For some learners it is possible to calculate a feature importance measure. `getFeatureImportance` extracts those values from trained models. See below for a list of supported learners.

  • boosting
    Measure which accounts the gain of Gini index given by a feature in a tree and the weight of that tree.

  • cforest
    Permutation principle of the 'mean decrease in accuracy' principle in randomForest. If `auc=TRUE` (only for binary classification), area under the curve is used as measure.
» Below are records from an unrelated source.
lemma perm_hd_eq_1:
  assumes g: "g \<in> perms n" and "g \<noteq> []" and "hd g = 1"
  shows "\<exists>g'\<in>perms (n - 1). g = ident 1 \<otimes> g'"
proof -
  obtain t where t: "g = 1 # t" using assms(2,3) by (cases g) auto
  have "distinct t" "1 \<notin> set t" "length t = n - 1" "insert 1 (set t) = {1..n}"
    using g t by (auto simp: perms_def)
  have "set t = insert 1 (set t) - {1}" using \<open>1 \<notin> set t\<close> by simp
  also have "\<dots> = {2..n}" unfolding \<open>insert 1 (set t) = {1..n}\<close> by auto
  finally have "set t = {2..n}" .
  let ?g' = "map (\<lambda>i. i - 1) t"
  have "(\<lambda>i. i - 1) ` {2..n} = {1..n - 1}"
  proof (intro equalityI subsetI)
    fix x assume "x \<in> {1..n - 1}"
    then show "x \<in> (\<lambda>i. i - 1) ` {2..n}" by (intro rev_image_eqI[of "x + 1"]) auto
  qed auto
  moreover have "inj_on (\<lambda>i. i - 1) {2..n}" by (auto simp: inj_on_def)
  ultimately have "?g' \<in> perms (n - 1)"
    using \<open>distinct t\<close> \<open>set t = {2..n}\<close> \<open>length t = n - 1\<close> by (simp add: perms_def distinct_map)
  moreover have "map (\<lambda>i. 1 + (i - 1)) t = t" using \<open>set t = {2..n}\<close> by (intro map_idI) auto
  then have "g = ident 1 \<otimes> ?g'" using t by (simp add: perm_prod_def ident_def comp_def)
  ultimately show ?thesis by blast
qed

lemma perm_last_eq_length:
  assumes g: "g \<in> perms n" and "g \<noteq> []" and "last g = n"
  shows "\<exists>g'\<in>perms (n - 1). g = g' \<otimes> ident 1"
proof -
  obtain t where t: "g = t @ [n]" using assms(2,3) by (metis append_butlast_last_id)
  have "distinct t" "n \<notin> set t" "length t = n - 1" "insert n (set t) = {1..n}"
    using g t by (auto simp: perms_def)
  have "set t = insert n (set t) - {n}" using \<open>n \<notin> set t\<close> by simp
  also have "\<dots> = {1..n - 1}" unfolding \<open>insert n (set t) = {1..n}\<close> by auto
  finally have "t \<in> perms (n - 1)" using \<open>distinct t\<close> \<open>length t = n - 1\<close> by (simp add: perms_def)
  moreover have "g = t \<otimes> ident 1"
    using t \<open>t \<in> perms (n - 1)\<close> g by (auto simp: perm_prod_def ident_def perms_def)
  ultimately show ?thesis by blast
qed

lemma join_irreducible_translate_of_untranslated:
  "join_irreducible g \<Longrightarrow> \<exists>a b y. g = translate a b y \<and> join_irreducible y \<and> untranslated y"
proof (induction "length g" arbitrary: g rule: less_induct)
  case less
  have g: "g \<in> perms (length g)" using join_irreducible_perms[OF less.prems] .
  show ?case
  proof (cases "untranslated g")
    case True
    then show ?thesis using less.prems by (intro exI[of _ 0] exI[of _ 0] exI[of _ g]) simp
  next
    case False
    have "g \<noteq> []" using join_irreducible_ne_ident[OF less.prems] by auto
    then have "hd g \<in> {1..length g}" "last g \<in> {1..length g}" using g by (auto simp: perms_def)
    then have "hd g = 1 \<or> last g = length g" using False \<open>g \<noteq> []\<close> by (auto simp: untranslated_def)
    then obtain a b g' where g': "g' \<in> perms (length g - 1)" "g = translate a b g'"
    proof
      assume "hd g = 1"
      then obtain g' where "g' \<in> perms (length g - 1)" "g = ident 1 \<otimes> g'"
        using perm_hd_eq_1[OF g \<open>g \<noteq> []\<close>] by blast
      then show thesis using that[of g' 1 0] by simp
    next
      assume "last g = length g"
      then obtain g' where "g' \<in> perms (length g - 1)" "g = g' \<otimes> ident 1"
        using perm_last_eq_length[OF g \<open>g \<noteq> []\<close>] by blast
      then show thesis using that[of g' 0 1] by simp
    qed
    have "join_irreducible g'" using join_irreducible_translate_iff[OF g'(1)] less.prems g'(2) by simp
    moreover have "length g' < length g" using g'(1) \<open>g \<noteq> []\<close> by (simp add: perms_length)
    ultimately obtain c d y where y: "g' = translate c d y" "join_irreducible y" "untranslated y"
      using less.hyps by blast
    then have "g = translate (a + c) (d + b) y" using g'(2) by (simp add: translate_translate)
    then show ?thesis using y by blast
  qed
qed

lemma ident_weak_less: "x \<in> perms n \<Longrightarrow> x \<noteq> ident n \<Longrightarrow> weak_less (ident n) x"
  by (simp add: weak_less_def ident_weak_le)

lemma not_join_irreducible_perm_prod:
  assumes u: "u \<in> perms p" and v: "v \<in> perms q" and "u \<noteq> ident p" "v \<noteq> ident q"
  shows "\<not> join_irreducible (u \<otimes> v)"
proof
  assume J: "join_irreducible (u \<otimes> v)"
  obtain u' where u': "u' \<in> perms p" "covers u' u"
    using exists_cover_above[OF ident_perms u ident_weak_less[OF u \<open>u \<noteq> ident p\<close>]] by blast
  obtain v' where v': "v' \<in> perms q" "covers v' v"
    using exists_cover_above[OF ident_perms v ident_weak_less[OF v \<open>v \<noteq> ident q\<close>]] by blast
  have len: "length (u \<otimes> v) = p + q" using perms_length[OF perm_prod_perms[OF u v]] .
  have "covers (u' \<otimes> v) (u \<otimes> v)" "covers (u \<otimes> v') (u \<otimes> v)"
    using covers_perm_prod_iff[OF u v perm_prod_perms[OF u'(1) v]]
      covers_perm_prod_iff[OF u v perm_prod_perms[OF u v'(1)]] u' v' by blast+
  moreover have "u' \<otimes> v \<in> perms (length (u \<otimes> v))" "u \<otimes> v' \<in> perms (length (u \<otimes> v))"
    using perm_prod_perms[OF u'(1) v] perm_prod_perms[OF u v'(1)] len by simp_all
  ultimately have "u' \<otimes> v = u \<otimes> v'" using lower_cover_unique[OF J] by metis
  then have "u' = u" using perm_prod_eq_iff[OF u'(1) v u v'(1)] by simp
  then show False using u'(2) by (simp add: covers_def weak_less_def)
qed

lemma untranslated_perm_prod_ne_ident:
  assumes "u \<in> perms p" "v \<in> perms q" "0 < p" "0 < q" "untranslated (u \<otimes> v)"
  shows "u \<noteq> ident p" "v \<noteq> ident q"
proof -
  show "u \<noteq> ident p"
  proof
    assume "u = ident p"
    then have "hd (u \<otimes> v) = 1" using \<open>0 < p\<close> by (simp add: perm_prod_def ident_def upt_rec)
    then show False using assms(5) by (simp add: untranslated_def)
  qed
  show "v \<noteq> ident q"
  proof
    assume "v = ident q"
    then have "last (u \<otimes> v) = length (u \<otimes> v)"
      using \<open>0 < q\<close> assms(1) by (simp add: perm_prod_def ident_def perms_length)
    then show False using assms(5) by (simp add: untranslated_def)
  qed
qed

lemma untranslated_inv_set_diff_lower_cover_straddles:
  assumes y: "y \<in> perms k" and J: "join_irreducible y" and U: "untranslated y"
    and c: "0 < c" "c < k" and ab: "(a, b) \<in> inv_set y - inv_set (lower_cover y)"
  shows "a \<le> c \<and> c < b"
proof -
  let ?u = "restrict_values 0 c y" and ?v = "restrict_values c k y"
  have u: "?u \<in> perms c" and v: "?v \<in> perms (k - c)"
    using restrict_values_perms[OF y, of 0 c] restrict_values_perms[OF y, of c k] by simp_all
  have z: "?u \<otimes> ?v \<in> perms k" using perm_prod_perms[OF u v] c by simp
  have inv: "inv_set (?u \<otimes> ?v) = {(a, b) \<in> inv_set y. b \<le> c \<or> c < a}"
    using inv_set_restrict_values_split[OF y] c by simp
  have "?u \<otimes> ?v \<noteq> y"
    using not_join_irreducible_perm_prod[OF u v] untranslated_perm_prod_ne_ident[OF u v] J U c by auto
  then have "weak_less (?u \<otimes> ?v) y" using inv by (auto simp: weak_less_def weak_le_def)
  then have "inv_set (?u \<otimes> ?v) \<subseteq> inv_set (lower_cover y)"
    using weak_le_lower_cover[OF J] z y by (simp add: weak_le_def perms_length)
  then show ?thesis using ab inv by auto
qed

lemma untranslated_inv_set_diff_lower_cover:
  assumes y: "y \<in> perms k" and J: "join_irreducible y" and U: "untranslated y"
  shows "inv_set y - inv_set (lower_cover y) \<subseteq> {(1, k)}"
proof (clarify)
  fix a b assume ab: "(a, b) \<in> inv_set y" "(a, b) \<notin> inv_set (lower_cover y)"
  then have range: "1 \<le> a" "a < b" "b \<le> k" using inv_set_memD[OF y] by blast+
  have "b = k"
    using untranslated_inv_set_diff_lower_cover_straddles[OF y J U, of b a b] ab range by force
  moreover have "a = 1"
    using untranslated_inv_set_diff_lower_cover_straddles[OF y J U, of "a - 1" a b] ab range by force
  ultimately show "a = 1 \<and> b = k" by simp
qed

section \<open>Lattice congruences\<close>

lemma lattice_cong_perms: "lattice_cong n \<Theta> \<Longrightarrow> (x, y) \<in> \<Theta> \<Longrightarrow> x \<in> perms n \<and> y \<in> perms n"
  unfolding lattice_cong_def equiv_def refl_on_def by blast

lemma lattice_cong_refl: "lattice_cong n \<Theta> \<Longrightarrow> x \<in> perms n \<Longrightarrow> (x, x) \<in> \<Theta>"
  unfolding lattice_cong_def equiv_def refl_on_def by blast

lemma lattice_cong_sym: "lattice_cong n \<Theta> \<Longrightarrow> (x, y) \<in> \<Theta> \<Longrightarrow> (y, x) \<in> \<Theta>"
  unfolding lattice_cong_def equiv_def by (blast dest: symD)

lemma lattice_cong_trans: "lattice_cong n \<Theta> \<Longrightarrow> (x, y) \<in> \<Theta> \<Longrightarrow> (y, z) \<in> \<Theta> \<Longrightarrow> (x, z) \<in> \<Theta>"
  unfolding lattice_cong_def equiv_def by (blast dest: transD)

lemma
  assumes "lattice_cong n \<Theta>" "(x, y) \<in> \<Theta>" "z \<in> perms n"
  shows lattice_cong_wjoin: "(wjoin n x z, wjoin n y z) \<in> \<Theta>"
    and lattice_cong_wmeet: "(wmeet n x z, wmeet n y z) \<in> \<Theta>"
  using assms lattice_cong_perms[OF assms(1,2)] unfolding lattice_cong_def by blast+

lemma lattice_congI:
  assumes "\<Theta> \<subseteq> perms n \<times> perms n"
    and "\<And>x. x \<in> perms n \<Longrightarrow> (x, x) \<in> \<Theta>"
    and "\<And>x y. (x, y) \<in> \<Theta> \<Longrightarrow> (y, x) \<in> \<Theta>"
    and "\<And>x y z. (x, y) \<in> \<Theta> \<Longrightarrow> (y, z) \<in> \<Theta> \<Longrightarrow> (x, z) \<in> \<Theta>"
    and "\<And>x y z. (x, y) \<in> \<Theta> \<Longrightarrow> z \<in> perms n \<Longrightarrow> (wjoin n x z, wjoin n y z) \<in> \<Theta>"
    and "\<And>x y z. (x, y) \<in> \<Theta> \<Longrightarrow> z \<in> perms n \<Longrightarrow> (wmeet n x z, wmeet n y z) \<in> \<Theta>"
  shows "lattice_cong n \<Theta>"
  unfolding lattice_cong_def equiv_def refl_on_def
proof (intro conjI ballI impI)
  show "\<Theta> \<subseteq> perms n \<times> perms n" by fact
  show "sym \<Theta>" using assms(3) by (rule symI)
  show "trans \<Theta>" using assms(4) by (rule transI)
qed (use assms(2,5,6) in blast)+

lemma lattice_cong_Inter:
  assumes "F \<noteq> {}" and F: "\<And>\<Theta>. \<Theta> \<in> F \<Longrightarrow> lattice_cong n \<Theta>"
  shows "lattice_cong n (\<Inter>F)"
proof (rule lattice_congI)
  show "\<Inter>F \<subseteq> perms n \<times> perms n" using assms lattice_cong_perms by fast
  show "(x, x) \<in> \<Inter>F" if "x \<in> perms n" for x using F lattice_cong_refl that by fast
  show "(y, x) \<in> \<Inter>F" if "(x, y) \<in> \<Inter>F" for x y using F lattice_cong_sym that by fast
  show "(x, z) \<in> \<Inter>F" if "(x, y) \<in> \<Inter>F" "(y, z) \<in> \<Inter>F" for x y z
    using F lattice_cong_trans that by fast
  show "(wjoin n x z, wjoin n y z) \<in> \<Inter>F" if "(x, y) \<in> \<Inter>F" "z \<in> perms n" for x y z
    using F lattice_cong_wjoin that by fast
  show "(wmeet n x z, wmeet n y z) \<in> \<Inter>F" if "(x, y) \<in> \<Inter>F" "z \<in> perms n" for x y z
    using F lattice_cong_wmeet that by fast
qed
The algorithm used for the survival learner is 'extremely slow and experimental; use at your own risk'. See varimp for details and further parameters.

  • gbm
    Estimation of relative influence for each feature. See relative.influence for details and further parameters.

  • randomForest
    For `type = 2` (the default) the 'MeanDecreaseGini' is measured, which is based on the Gini impurity index used for the calculation of the nodes. Alternatively, you can set `type` to 1, then the measure is the mean decrease in accuracy calculated on OOB data. Note, that in this case the learner's parameter `importance` needs to be set to be able to compute feature importance values. See importance for details.

  • RRF
    This is identical to randomForest.

  • randomForestSRC
    This method can calculate feature importance for various measures. By default the Breiman-Cutler permutation method is used. See vimp for details.

  • ranger
    Supports both measures mentioned above for the randomForest learner. Note, that you need to specifically set the learners parameter `importance`, to be able to compute feature importance measures. See importance and ranger for details.

  • rpart
    Sum of decrease in impurity for each of the surrogate variables at each node.

  • xgboost
    The value implies the relative contribution of the corresponding feature to the model calculated by taking each feature's contribution for each tree in the model. The exact computation of the importance in xgboost is undocumented.

getFeatureImportance(object, ...)



Wrapped model, result of [train].


Additional parameters, which are passed to the underlying importance value generating function.


([FeatureImportance]) An object containing a `data.frame` of the variable importances and further information.